**Your assignment**
Where the records below show the word "intro" in a line, please copy that line.

--- Data for processing Enclosed Below ---

lemma xplus:
  shows xplus_mem: "xp \<in> {-a<..<a}" and deriv_xplus: "deriv f xp = \<alpha>"
proof -
  obtain x where x: "-a \<le> x" "x \<le> a" "deriv f x = \<alpha>"
    using IVT'[of "deriv f" "-a" \<alpha> a] deriv_eq_1[of a] deriv_eq_minus_1[of "-a"]
      \<alpha>_nonneg \<alpha>_less_1 a_pos continuous_on_deriv
    by auto
  have "xp = x"
    unfolding xplus_eq_the_inv_into
    by (rule the_inv_into_f_eq) (use x strict_mono_on_imp_inj_on[OF deriv_strict_mono] in auto)
  moreover have "x \<noteq> a" "x \<noteq> -a"
    using x deriv_eq_1[of a] deriv_eq_minus_1[of "-a"] \<alpha>_nonneg \<alpha>_less_1 by auto
  ultimately show "xp \<in> {-a<..<a}" "deriv f xp = \<alpha>"
    using x by auto
qed

lemma deriv_less_alpha: "s < xp \<Longrightarrow> deriv f s < \<alpha>"
  using deriv_eq_minus_1[of s] strict_mono_onD[OF deriv_strict_mono, of s xp] xplus \<alpha>_nonneg
  by (cases "s \<le> -a") auto

lemma alpha_less_deriv: "xp < s \<Longrightarrow> \<alpha> < deriv f s"
  using deriv_eq_1[of s] strict_mono_onD[OF deriv_strict_mono, of xp s] xplus \<alpha>_less_1
  by (cases "a \<le> s") auto

lemma F_has_deriv: "(F\<^sub>\<alpha> has_real_derivative deriv f x - \<alpha>) (at x)"
proof -
  have "F\<^sub>\<alpha> = (\<lambda>s. f s - \<alpha> * s)"
    by (simp add: fun_eq_iff F_al_def)
  then show ?thesis
    using DERIV_diff[OF f_has_deriv DERIV_cmult[OF DERIV_ident]] by simp
qed

lemma continuous_on_F: "continuous_on S F\<^sub>\<alpha>"
  using F_has_deriv by (meson DERIV_isCont continuous_at_imp_continuous_on)

lemma F_decreasing: "x < y \<Longrightarrow> y \<le> xp \<Longrightarrow> F\<^sub>\<alpha> y < F\<^sub>\<alpha> x"
  by (rule DERIV_neg_imp_decreasing_open[OF _ _ continuous_on_F])
     (use F_has_deriv deriv_less_alpha in force)+

lemma F_less_iff_left: "x \<le> xp \<Longrightarrow> y \<le> xp \<Longrightarrow> F\<^sub>\<alpha> x < F\<^sub>\<alpha> y \<longleftrightarrow> y < x"
  using F_decreasing by (metis less_asym linorder_cases)

lemma F_strict_mono: "strict_mono_on {xp..} F\<^sub>\<alpha>"
proof (rule strict_mono_onI)
  fix x y assume "x \<in> {xp..}" "y \<in> {xp..}" "x < y"
  then show "F\<^sub>\<alpha> x < F\<^sub>\<alpha> y"
    by (intro DERIV_pos_imp_increasing_open[OF _ _ continuous_on_F])
       (use F_has_deriv alpha_less_deriv in force)+
qed

lemma F_eq: "a \<le> x \<Longrightarrow> F\<^sub>\<alpha> x = (1 - \<alpha>) * x"
  using f_eq_id by (simp add: F_al_def algebra_simps)

lemma Finv_eq_the_inv_into: "Finv a f \<alpha> = the_inv_into {xp..} F\<^sub>\<alpha>"
  by (simp add: fun_eq_iff Finv_def the_inv_into_def)

lemma Finv_F: "xp \<le> t \<Longrightarrow> Finv a f \<alpha> (F\<^sub>\<alpha> t) = t"
  unfolding Finv_eq_the_inv_into
  by (rule the_inv_into_f_f) (simp_all add: strict_mono_on_imp_inj_on[OF F_strict_mono])

lemma F_surj_right:
  assumes "F\<^sub>\<alpha> xp \<le> y"
  obtains t where "xp \<le> t" "F\<^sub>\<alpha> t = y"
proof -
  define b where "b = max a (y / (1 - \<alpha>))"
  have "y \<le> (1 - \<alpha>) * b"
    using \<alpha>_less_1 by (simp add: b_def field_simps max_def)
  then have "y \<le> F\<^sub>\<alpha> b"
    by (simp add: F_eq b_def)
  moreover have "xp \<le> b"
    using xplus_mem by (auto simp: b_def le_max_iff_disj)
  ultimately show ?thesis
    using IVT'[OF assms _ _ continuous_on_F] that by blast
qed

lemma phi_eqI: "xp \<le> t \<Longrightarrow> F\<^sub>\<alpha> t = F\<^sub>\<alpha> x \<Longrightarrow> \<phi> x = t"
  using Finv_F unfolding phi_def by metis

lemma phi:
  assumes "x \<le> xp"
  shows phi_ge_xplus: "xp \<le> \<phi> x" and F_phi: "F\<^sub>\<alpha> (\<phi> x) = F\<^sub>\<alpha> x"
proof -
  have "F\<^sub>\<alpha> xp \<le> F\<^sub>\<alpha> x"
    using F_decreasing[of x xp] assms by (cases "x = xp") auto
  then obtain t where t: "xp \<le> t" "F\<^sub>\<alpha> t = F\<^sub>\<alpha> x"
    by (rule F_surj_right)
  then have "\<phi> x = t"
    by (rule phi_eqI)
  with t show "xp \<le> \<phi> x" "F\<^sub>\<alpha> (\<phi> x) = F\<^sub>\<alpha> x"
    by simp_all
qed

lemma phi_xplus: "\<phi> xp = xp"
  by (rule phi_eqI) simp_all

lemma phi_less_iff:
  assumes "x \<le> xp" "y \<le> xp"
  shows "\<phi> x < \<phi> y \<longleftrightarrow> y < x"
proof -
  have "\<phi> x < \<phi> y \<longleftrightarrow> F\<^sub>\<alpha> (\<phi> x) < F\<^sub>\<alpha> (\<phi> y)"
    using strict_mono_on_less[OF F_strict_mono] phi_ge_xplus assms by simp
  also have "\<dots> \<longleftrightarrow> y < x"
    using F_phi F_less_iff_left assms by simp
  finally show ?thesis .
qed

lemma continuous_on_phi: "continuous_on {l..xp} \<phi>"
proof -
  have "continuous_on (F\<^sub>\<alpha> ` {xp..\<phi> l}) (Finv a f \<alpha>)"
    by (rule continuous_on_inv[OF continuous_on_F compact_Icc]) (simp add: Finv_F)
  moreover have "F\<^sub>\<alpha> ` {l..xp} \<subseteq> F\<^sub>\<alpha> ` {xp..\<phi> l}"
  proof
    fix y assume "y \<in> F\<^sub>\<alpha> ` {l..xp}"
    then obtain x where x: "x \<in> {l..xp}" "y = F\<^sub>\<alpha> x"
      by blast
    then have "\<phi> x \<in> {xp..\<phi> l}" "y = F\<^sub>\<alpha> (\<phi> x)"
      using phi_ge_xplus F_phi phi_less_iff[of x l] by auto
    then show "y \<in> F\<^sub>\<alpha> ` {xp..\<phi> l}"
      by blast
  qed
  ultimately have "continuous_on {l..xp} (Finv a f \<alpha> \<circ> F\<^sub>\<alpha>)"
    by (intro continuous_on_compose continuous_on_F) (rule continuous_on_subset)
  then show ?thesis
    by (simp add: comp_def phi_def[abs_def])
qed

--- End of Enclosed Data for processing ---

**Completed task**
    by (intro DERIV_pos_imp_increasing_open[OF _ _ continuous_on_F])
    by (intro continuous_on_compose continuous_on_F) (rule continuous_on_subset)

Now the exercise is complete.